- From: Axel Polleres <axel.polleres@deri.org>
- Date: Tue, 16 Feb 2010 14:51:31 +0000
- To: SPARQL Working Group <public-rdf-dawg@w3.org>
browsing through Emanuele's proposal... Please forgive that I just quickly wrote this up without a lot of
in-depth thinking yet... just to kick-off discussion...
Firstly, I have some open questions on the proposal we might want to ask them...
1)
If I get it right, AGGREGATE {var FUNCTION vars )
i) projects first groups wrt variables appearing in vars and then
ii) evaluates the aggregate on the those groups ...
That may make sense for count, but how does that work for
min/max, i.e. where is the projection ?
hmmm... actually it seems the grammar given for FUNCTION is wrong...
it should be
Function | Function '(' var ')'
or
Function | Function '(' vars ')'
we may want to ask back for clarification here...
... ok, but let's assume that this means that they have just
SELECT ... var
where
AGGREGATE ( var function vars ) FILTER filter
=more-or-less=
SELECT function as var
where
GROUP BY vars
HAVING filter
with a slightly different implicit grouping than we have at the moment?

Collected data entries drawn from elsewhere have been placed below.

(* Let $G$ be a finite group and $U,V\leq G\times G$ with $\Delta(G)\leq U$ and $\Delta(G)\leq V$. Then $$\frac{k_1((U\ast V)')}{k_1(U)\cap k_1((U\ast V)')}\cong\frac{k_1(V')}{k_2(U)\cap k_1(V')}$$ and $$\frac{k_2((U\ast V)')}{k_2(V)\cap k_2((U\ast V)')}\cong\frac{k_2(U')}{k_1(V)\cap k_2(U')}.$$
   Context: $\Delta(G)=\{(g,g):g\in G\}$. For $W\leq G\times G$: $p_1(W)=\{g:\exists h,(g,h)\in W\}$, $p_2(W)=\{h:\exists g,(g,h)\in W\}$, $k_1(W)=\{g:(g,1)\in W\}$, $k_2(W)=\{h:(1,h)\in W\}$; $W'$ is the commutator subgroup of $W$. The $\ast$-product is $U\ast V=\{(u,v)\in p_1(U)\times p_2(V):\exists x\in p_2(U)\cap p_1(V),\ (u,x)\in U,\ (x,v)\in V\}$. *)

theory Defs
  imports "HOL-Algebra.Algebra"
begin

definition diag :: "('a, 'b) monoid_scheme \<Rightarrow> ('a \<times> 'a) set" where
  "diag G = {(g, g) | g. g \<in> carrier G}"

definition p1 :: "('a \<times> 'c) set \<Rightarrow> 'a set" where
  "p1 W = {g. \<exists>h. (g, h) \<in> W}"

definition p2 :: "('a \<times> 'c) set \<Rightarrow> 'c set" where
  "p2 W = {h. \<exists>g. (g, h) \<in> W}"

definition k1 :: "('a, 'b) monoid_scheme \<Rightarrow> ('a \<times> 'a) set \<Rightarrow> 'a set" where
  "k1 G W = {g. (g, \<one>\<^bsub>G\<^esub>) \<in> W}"

definition k2 :: "('a, 'b) monoid_scheme \<Rightarrow> ('a \<times> 'a) set \<Rightarrow> 'a set" where
  "k2 G W = {h. (\<one>\<^bsub>G\<^esub>, h) \<in> W}"

definition star :: "('a \<times> 'a) set \<Rightarrow> ('a \<times> 'a) set \<Rightarrow> ('a \<times> 'a) set" where
  "star U V = {(u, v). u \<in> p1 U \<and> v \<in> p2 V \<and>
      (\<exists>x \<in> p2 U \<inter> p1 V. (u, x) \<in> U \<and> (x, v) \<in> V)}"

definition comm :: "('a, 'b) monoid_scheme \<Rightarrow> ('a \<times> 'a) set \<Rightarrow> ('a \<times> 'a) set" where
  "comm G W = derived (G \<times>\<times> G) W"

end

theory Submission
  imports Defs
begin
(* Let $E$ be a Borel space and $Q$ a semi-Markov kernel on $\mathbb{R}_+\times E$ given $E$ satisfying the regularity condition: there exist $\delta>0$ and $\epsilon>0$ such that $Q(\delta,E\mid x)\le 1-\epsilon$ for all $x\in E$. Let $c,g:E\to[0,\infty)$ be measurable, fix $T\in\mathbb{R}_+$, and let $V^*$ be the optimal stopping value function described in the context. Define $V^*_0\equiv 0$ on $[0,T]\times E$ and $V^*_{n+1}=\mathbb{G}V^*_n$ for $n\ge 0$. Then $V^*(s,x)=\lim_{n\to\infty}V^*_n(s,x)$ for all $(s,x)\in[0,T]\times E$, and moreover $V^*=\mathbb{G}V^*$ on $[0,T]\times E$.
   Context: Semi-Markov kernel: for each $B\in\mathcal{B}(E)$ and $x\in E$, $t\mapsto Q(t,B\mid x)$ is nondecreasing, right-continuous on $\mathbb{R}_+$ with $Q(0,B\mid x)=0$; for each $t$, $Q(t,\cdot\mid\cdot)$ is a substochastic kernel on $E$; $\lim_{t\to\infty}Q(t,\cdot\mid\cdot)$ is a stochastic kernel on $E$. Let $\Omega=\{(x_0,t_1,x_1,t_2,x_2,\dots): x_0\in E,\ (t_n,x_n)\in\mathbb{R}_+\times E\}$ with its product Borel $\sigma$-algebra; $X_n(\omega)=x_n$, $T_0=0$, $T_{n+1}(\omega)=t_{n+1}$, $S_n=\sum_{k=0}^n T_k$, $Y_n=(X_0,T_1,X_1,\dots,T_n,X_n)$, $\mathcal{F}_n=\sigma(T_0,X_0,\dots,T_n,X_n)$. For $x\in E$, $\mathbb{P}_x$ is the unique probability measure on $\Omega$ with $\mathbb{P}_x(T_0=0,X_0=x)=1$ and $\mathbb{P}_x(T_{n+1}\le t,X_{n+1}\in B\mid Y_n)=Q(t,B\mid X_n)$; $\mathbb{E}_x$ is its expectation. The process $X(t)=X_n$ for $S_n\le t<S_{n+1}$. A stopping time is a map $\tau:\Omega\to\mathbb{N}\cup\{+\infty\}$ ($\mathbb{N}=\{0,1,2,\dots\}$) with $\{\tau=n\}\in\mathcal{F}_n$ for all $n\in\mathbb{N}$; $\Gamma$ is the set of stopping times. For a horizon $s\in\mathbb{R}_+$ and $\tau\in\Gamma$, $R^s_\tau=\int_0^{S_\tau}c(X(t))\,dt+g(X(S_\tau))$ if $S_\tau<s$ and $R^s_\tau=\int_0^s c(X(t))\,dt$ if $S_\tau\ge s$ (with $S_\tau=\lim_n S_n$ on $\{\tau=\infty\}$); $V^\tau(s,x)=\mathbb{E}_x[R^s_\tau]$ and $V^*(s,x)=\inf_{\tau\in\Gamma}V^\tau(s,x)$. For a Borel function $u:[0,T]\times E\to[0,\infty]$, $\mathbb{G}u(s,x)=\min\Big\{c(x)\int_0^s(1-Q(t,E\mid x))\,dt+\int_E\int_{[0,s]}u(s-t,y)\,Q(dt,dy\mid x),\ g(x)\Big\}$. *)

theory Defs
  imports "HOL-Probability.Probability"
begin

definition subprob_kernel :: "'e measure \<Rightarrow> ('e set \<Rightarrow> 'e \<Rightarrow> real) \<Rightarrow> bool" where
  "subprob_kernel M K \<longleftrightarrow>
     (\<forall>x\<in>space M. \<exists>\<mu>. subprob_space \<mu> \<and> sets \<mu> = sets M \<and> (\<forall>B\<in>sets M. K B x = measure \<mu> B)) \<and>
     (\<forall>B\<in>sets M. (\<lambda>x. K B x) \<in> borel_measurable M)"

definition prob_kernel :: "'e measure \<Rightarrow> ('e set \<Rightarrow> 'e \<Rightarrow> real) \<Rightarrow> bool" where
  "prob_kernel M K \<longleftrightarrow>
     (\<forall>x\<in>space M. \<exists>\<mu>. prob_space \<mu> \<and> sets \<mu> = sets M \<and> (\<forall>B\<in>sets M. K B x = measure \<mu> B)) \<and>
     (\<forall>B\<in>sets M. (\<lambda>x. K B x) \<in> borel_measurable M)"
lemma repair_cover_Un:
  assumes A: "repair_cover g n k A r \<delta>" and B: "repair_cover g n k B r' \<delta>'"
    and "r \<le> r'" and "\<delta>' \<le> \<delta>"
  shows "repair_cover g n k (A \<union> B) r' \<delta>'"
  unfolding repair_cover_def
proof
  fix \<iota> assume "\<iota> \<in> A \<union> B"
  then consider "\<iota> \<in> A" | "\<iota> \<in> B" by blast
  then show "\<exists>S d. S \<subseteq> A \<union> B \<and> \<iota> \<in> S \<and> \<delta>' \<le> d \<and> repair_group g n k S r' d"
  proof cases
    case 1
    then obtain S d where S: "S \<subseteq> A" "\<iota> \<in> S" "\<delta> \<le> d" "repair_group g n k S r d"
      using A unfolding repair_cover_def by blast
    have "repair_group g n k S r' d" using repair_group_mono[OF S(4) assms(3)] .
    moreover have "\<delta>' \<le> d" using S(3) assms(4) by linarith
    ultimately show ?thesis using S(1,2) by blast
  next
    case 2
    then obtain S d where S: "S \<subseteq> B" "\<iota> \<in> S" "\<delta>' \<le> d" "repair_group g n k S r' d"
      using B unfolding repair_cover_def by blast
    then show ?thesis by blast
  qed
qed

lemma repair_covers_if_two_localities:
  assumes "two_localities g n k T1 T2 r1 r2 \<delta>1 \<delta>2"
  shows "repair_cover g n k T1 r1 \<delta>1" and "repair_cover g n k {1..n} r2 \<delta>2"
proof -
  have "T1 \<union> T2 = {1..n}" using assms by (auto simp: two_localities_def)
  then show "repair_cover g n k T1 r1 \<delta>1" and "repair_cover g n k {1..n} r2 \<delta>2"
    using assms repair_cover_Un[of g n k T1 r1 \<delta>1 T2 r2 \<delta>2]
    by (auto simp: two_localities_def intro: repair_cover_if_locality)
qed

lemma exists_subset_max_inter:
  assumes "finite S" and "N \<subseteq> S" and "d \<le> card S"
  shows "\<exists>E. E \<subseteq> S \<and> card E = d \<and> card (N \<inter> E) = min (card N) d"
proof -
  have fN: "finite N" using assms finite_subset by blast
  obtain N0 where N0: "N0 \<subseteq> N" "card N0 = min (card N) d"
    using obtain_subset_with_card_n[of "min (card N) d" N] by auto
  have "card N \<le> card S" using assms card_mono by blast
  then have "d - min (card N) d \<le> card (S - N)"
    using assms by (simp add: card_Diff_subset fN)
  then obtain X where X: "X \<subseteq> S - N" "card X = d - min (card N) d"
    using obtain_subset_with_card_n by metis
  have "finite X" using X assms(1) finite_subset by blast
  moreover have "N0 \<inter> X = {}" using N0 X by blast
  ultimately have "card (N0 \<union> X) = d"
    using N0 X fN finite_subset card_Un_disjoint[of N0 X] by fastforce
  moreover have "N \<inter> (N0 \<union> X) = N0" using N0 X by blast
  ultimately show ?thesis
    using N0 X assms(2) by (intro exI[of _ "N0 \<union> X"]) auto
qed

text \<open>Take the \<open>\<delta> - 1\<close> erased positions \<open>E\<close> of the group as fresh as possible: repairing \<open>b\<close>
  fresh positions of \<open>E\<close> from \<open>S - E\<close> then costs only the fresh part of \<open>S - E\<close>.\<close>
lemma regen_seq_extend_in_group:
  assumes v: "regen_seq g n k y R l" and Sn: "S \<subseteq> {1..n}" and S: "repair_group g n k S r \<delta>"
    and b: "b \<le> card (S - seq_union y R)" "b \<le> \<delta> - 1"
  shows "\<exists>R' l'. regen_seq g n k (y + b) R' l' \<and> seq_union (y + b) R' \<subseteq> seq_union y R \<union> S \<and>
    card (seq_union (y + b) R') \<le> card (seq_union y R) + b + (card (S - seq_union y R) - (\<delta> - 1))"
proof -
  define W where "W = seq_union y R"
  define N where "N = S - W"
  have fS: "finite S" using Sn finite_subset by blast
  have "\<delta> - 1 \<le> card S" using S unfolding repair_group_def by linarith
  then obtain E where E: "E \<subseteq> S" "card E = \<delta> - 1" "card (N \<inter> E) = min (card N) (\<delta> - 1)"
    using exists_subset_max_inter[OF fS, of N "\<delta> - 1"] by (auto simp: N_def)
  have "b \<le> card (N \<inter> E)" using E(3) b by (simp add: N_def W_def)
  then obtain C where C: "C \<subseteq> N \<inter> E" "card C = b"
    by (meson obtain_subset_with_card_n)
  have "C \<subseteq> S" using C E by (auto simp: N_def)
  then have fC: "finite C" using fS by (rule finite_subset)
  have "\<forall>j\<in>E. regen g n k j ((S - E) \<union> {j})"
    using S E(1,2) unfolding repair_group_def by blast
  then have "\<forall>c\<in>C. regen g n k c ((S - E) \<union> {c})"
    using C by blast
  moreover have "C \<inter> seq_union y R = {}"
    using C by (auto simp: N_def W_def)
  moreover have "\<forall>c\<in>C. \<forall>c'\<in>C. c \<noteq> c' \<longrightarrow> c \<notin> (S - E) \<union> {c'}"
    using C by blast
  ultimately have "\<exists>R' l'. regen_seq g n k (y + card C) R' l' \<and>
      seq_union (y + card C) R' = seq_union y R \<union> (\<Union>c\<in>C. (S - E) \<union> {c})"
    by (rule regen_seq_append[OF v fC])
  then obtain R' l' where R': "regen_seq g n k (y + b) R' l'"
    and U': "seq_union (y + b) R' = W \<union> (\<Union>c\<in>C. (S - E) \<union> {c})"
    unfolding C(2) W_def by blast
  have sub: "seq_union (y + b) R' \<subseteq> W \<union> (N - E) \<union> C"
    using U' C by (auto simp: N_def)
  have "card (seq_union (y + b) R') \<le> card (W \<union> (N - E) \<union> C)"
    using sub fS fC finite_seq_union[OF v] by (intro card_mono) (auto simp: N_def W_def)
  also have "\<dots> \<le> card W + card (N - E) + card C"
    using card_Un_le[of "W \<union> (N - E)" C] card_Un_le[of W "N - E"] by linarith
  also have "card (N - E) = card N - (\<delta> - 1)"
    using E(3) fS by (simp add: card_Diff_subset_Int N_def Int_commute)
  finally show ?thesis
    using R' sub C by (intro exI[of _ R'] exI[of _ l']) (auto simp: N_def W_def)
qed

text \<open>If the group through an uncovered position has at least \<open>m\<close> fresh positions, \<open>m\<close> steps cost
  the overhead \<open>r\<close> once; otherwise all its fresh positions are regenerated with no overhead.\<close>
lemma regen_seq_greedy_step:
  assumes v: "regen_seq g n k z R l" and WA: "seq_union z R \<subseteq> A" "\<not> A \<subseteq> seq_union z R"
    and An: "A \<subseteq> {1..n}" and cover: "repair_cover g n k A r \<delta>" and m: "m \<le> \<delta> - 1"
  shows "(\<exists>R' l'. regen_seq g n k (z + m) R' l' \<and> seq_union (z + m) R' \<subseteq> A \<and>
            card (seq_union (z + m) R') \<le> card (seq_union z R) + r + m)
       \<or> (\<exists>j R' l'. 1 \<le> j \<and> j < m \<and> regen_seq g n k (z + j) R' l' \<and>
            seq_union (z + j) R' \<subseteq> A \<and> card (seq_union (z + j) R') \<le> card (seq_union z R) + j)"
proof -
  define W where "W = seq_union z R"
  obtain \<iota> where "\<iota> \<in> A" "\<iota> \<notin> W" using WA(2) by (auto simp: W_def)
  then obtain S d where S: "S \<subseteq> A" "\<iota> \<in> S" "\<delta> \<le> d" "repair_group g n k S r d"
    using cover unfolding repair_cover_def by blast
  have Sn: "S \<subseteq> {1..n}" using S(1) An by blast
  have "finite S" using Sn finite_subset by blast
  then have fresh: "1 \<le> card (S - W)"
    using S(2) \<open>\<iota> \<notin> W\<close> by (simp add: Suc_le_eq card_gt_0_iff) blast
  have "card (S - W) \<le> card S" using \<open>finite S\<close> by (simp add: card_mono)
  then have overhead: "card (S - W) - (d - 1) \<le> r"
    using S(4) unfolding repair_group_def by linarith
  have md: "m \<le> d - 1" using m S(3) by linarith
  show ?thesis
  proof (cases "m \<le> card (S - W)")
    case True
    then obtain R' l' where "regen_seq g n k (z + m) R' l'" "seq_union (z + m) R' \<subseteq> W \<union> S"
      "card (seq_union (z + m) R') \<le> card W + m + (card (S - W) - (d - 1))"
      using regen_seq_extend_in_group[OF v Sn S(4) _ md] by (auto simp: W_def)
    then show ?thesis
      using overhead WA(1) S(1) by (intro disjI1 exI[of _ R'] exI[of _ l']) (auto simp: W_def)
  next
    case False
    obtain R' l' where "regen_seq g n k (z + card (S - W)) R' l'"
      "seq_union (z + card (S - W)) R' \<subseteq> W \<union> S"
      "card (seq_union (z + card (S - W)) R') \<le> card W + card (S - W) + (card (S - W) - (d - 1))"
      using regen_seq_extend_in_group[OF v Sn S(4), of "card (S - W)"] False md by (auto simp: W_def)
    then show ?thesis
      using fresh False md WA(1) S(1)
      by (intro disjI2 exI[of _ "card (S - W)"] exI[of _ R'] exI[of _ l']) (auto simp: W_def)
  qed
qed

text \<open>Iterating greedy rounds, only the last one pays the overhead.\<close>
lemma regen_seq_extend_in_cover:
  assumes v: "regen_seq g n k y R l" and UA: "seq_union y R \<subseteq> A" and An: "A \<subseteq> {1..n}"
    and cover: "repair_cover g n k A r \<delta>" and b: "b \<le> \<delta> - 1"
  shows "(\<exists>R' l'. regen_seq g n k (y + b) R' l' \<and> seq_union (y + b) R' \<subseteq> A \<and>
            card (seq_union (y + b) R') \<le> card (seq_union y R) + r + b)
       \<or> (\<exists>z R' l'. y \<le> z \<and> z < y + b \<and> regen_seq g n k z R' l' \<and>
            card A + y \<le> card (seq_union y R) + z)"
    (is "?extended \<or> ?covered")
proof -
  define U where "U = seq_union y R"
  have "?extended \<or> ?covered"
    if "regen_seq g n k z R' l'" "y \<le> z" "z \<le> y + b" "seq_union z R' \<subseteq> A"
      "card (seq_union z R') + y \<le> card U + z" for z R' l'
    using that
  proof (induction "y + b - z" arbitrary: z R' l' rule: less_induct)
    case less
    consider "z = y + b" | "z < y + b" "A \<subseteq> seq_union z R'" | "z < y + b" "\<not> A \<subseteq> seq_union z R'"
      using less.prems(3) by linarith
    then show ?case
    proof cases
      case 1
      then have ?extended using less.prems by (auto simp: U_def)
      then show ?thesis ..
    next
      case 2
      then have "card A + y \<le> card U + z"
        using less.prems(4,5) by (simp add: subset_antisym)
      then have ?covered
        using less.prems(1,2) 2(1) by (intro exI[of _ z] exI[of _ R'] exI[of _ l']) (simp add: U_def)
      then show ?thesis ..
    next
      case 3
      have m: "y + b - z \<le> \<delta> - 1" using b less.prems(2) by linarith
      from regen_seq_greedy_step[OF less.prems(1,4) 3(2) An cover m]
      show ?thesis
      proof (elim disjE exE conjE)
        fix R'' l'' assume "regen_seq g n k (z + (y + b - z)) R'' l''"
          "seq_union (z + (y + b - z)) R'' \<subseteq> A"
          "card (seq_union (z + (y + b - z)) R'') \<le> card (seq_union z R') + r + (y + b - z)"
        then have ?extended
          using less.prems(2,5) 3(1) unfolding U_def
          by (intro exI[of _ R''] exI[of _ l'']) (auto simp: add_diff_inverse_nat)
        then show ?thesis ..
      next
        fix j R'' l'' assume j: "1 \<le> j" "j < y + b - z" "regen_seq g n k (z + j) R'' l''"
          "seq_union (z + j) R'' \<subseteq> A" "card (seq_union (z + j) R'') \<le> card (seq_union z R') + j"
        show ?thesis
          using less.hyps[of "z + j" R'' l''] j less.prems(2,5) by auto
      qed
    qed
  qed
  then show ?thesis
    using v UA by (simp add: U_def)
qed

lemma nat_block_decomposition:
  fixes w D :: nat
  assumes "0 < D" and "0 < w"
  obtains q b where "w = q * D + b" "1 \<le> b" "b \<le> D"
proof
  show "w = (w - 1) div D * D + ((w - 1) mod D + 1)"
    using assms by simp
  show "(w - 1) mod D + 1 \<le> D"
    using assms by (simp add: Suc_leI)
qed simp

lemma div_round_up_block:
  fixes D :: nat
  assumes "1 \<le> b" and "b \<le> D"
  shows "(q * D + b + D - 1) div D = Suc q"
  by (rule div_nat_eqI) (use assms in \<open>simp_all add: algebra_simps\<close>)

lemma div_round_up_multiple:
  fixes D :: nat
  assumes "0 < D"
  shows "(q * D + D - 1) div D = q"
  by (rule div_nat_eqI) (use assms in \<open>simp_all add: algebra_simps\<close>)

lemma ceiling_of_nat_divide:
  fixes x D :: nat
  assumes "0 < D"
  shows "\<lceil>real x / real D\<rceil> = int ((x + D - 1) div D)"
proof (rule ceiling_unique)
  define q where "q = (x + D - 1) div D"
  have "q * D \<le> x + D - 1" "x + D - 1 < D + q * D"
    using dividend_less_div_times[OF assms] by (simp_all add: q_def)
  then have "real q * real D < real x + real D" "real x \<le> real q * real D"
    using assms by (simp_all only: of_nat_mult[symmetric] of_nat_add[symmetric] of_nat_less_iff
        of_nat_le_iff)
  then show "of_int (int q) - 1 < real x / real D" "real x / real D \<le> of_int (int q)"
    using assms by (simp_all add: field_simps)
qed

There claimed advantage seems to be that they allow to do different aggregations *at once*
which seems to have some merits, since we can probably only do this with some cumbersome subqueries at the moment.
2) I don't get entirely get their examples though... e.g.
SELECT ?name ?surname ?book ?numberOfBooks ?averageNumberOfBooks
WHERE {
?auth :name ?name .
?auth :surname ?surname .
?auth :wrote ?book .
?auth :affiliated ?organization .
}
AGGREGATE { (?numberOfBooks, COUNT, {?auth} ) FILTER (?numberOfBooks > 5) }
AGGREGATE { (?affiliationBooks, SUM(?numberOfBooks), {?organization} )
FILTER (?affiliationBooks > 50)}
here, ?affiliationBooks violates the constraint they pose before:
"In the C-SPARQL language all the variables used in AGGREGATE clauses
must appear also in the SELECT clause, since aggregation happens after
standard SPARQL query evaluation. In SPARQL 1.1 the constraint is not
specified."
I assume they probably meant to say the constraint only to apply to the variables
mentioned in the function and group part? we may want to ask that back for clarification as well
Also, I'd like to see the result table for this.
3) It seems that their SPARQL1.1 formulation attempt of this one
has some errors...
SELECT ?topic ?numberOfSwissAuthors ?numberOfItalianAuthors
WHERE {
?auth :name ?name .
?auth :wrote ?book .
?book :topic ?topic .
?auth :hasNationality ?nat .
}
AGGREGATE { FILTER(?nat = 'IT') (?numberOfItalianAuthors, COUNT,
{?topic} ) }
AGGREGATE { FILTER(?nat = 'CH') (?numberOfSwissAuthors, COUNT, {?topic}
) FILTER(?numberOfItalianAuthors>?numberOfSwissAuthors)}
However, in total, I think their aggregation proposal could have some merits,
seemingly to allow aggregation with less subqueries necessary, at
least this seems to be the main point of argumentation. I am not yet
convinced about their argument that they can express all of our
aggregation/grouping without an actual proof.
Axel
Received on Tuesday, 16 February 2010 14:52:06 UTC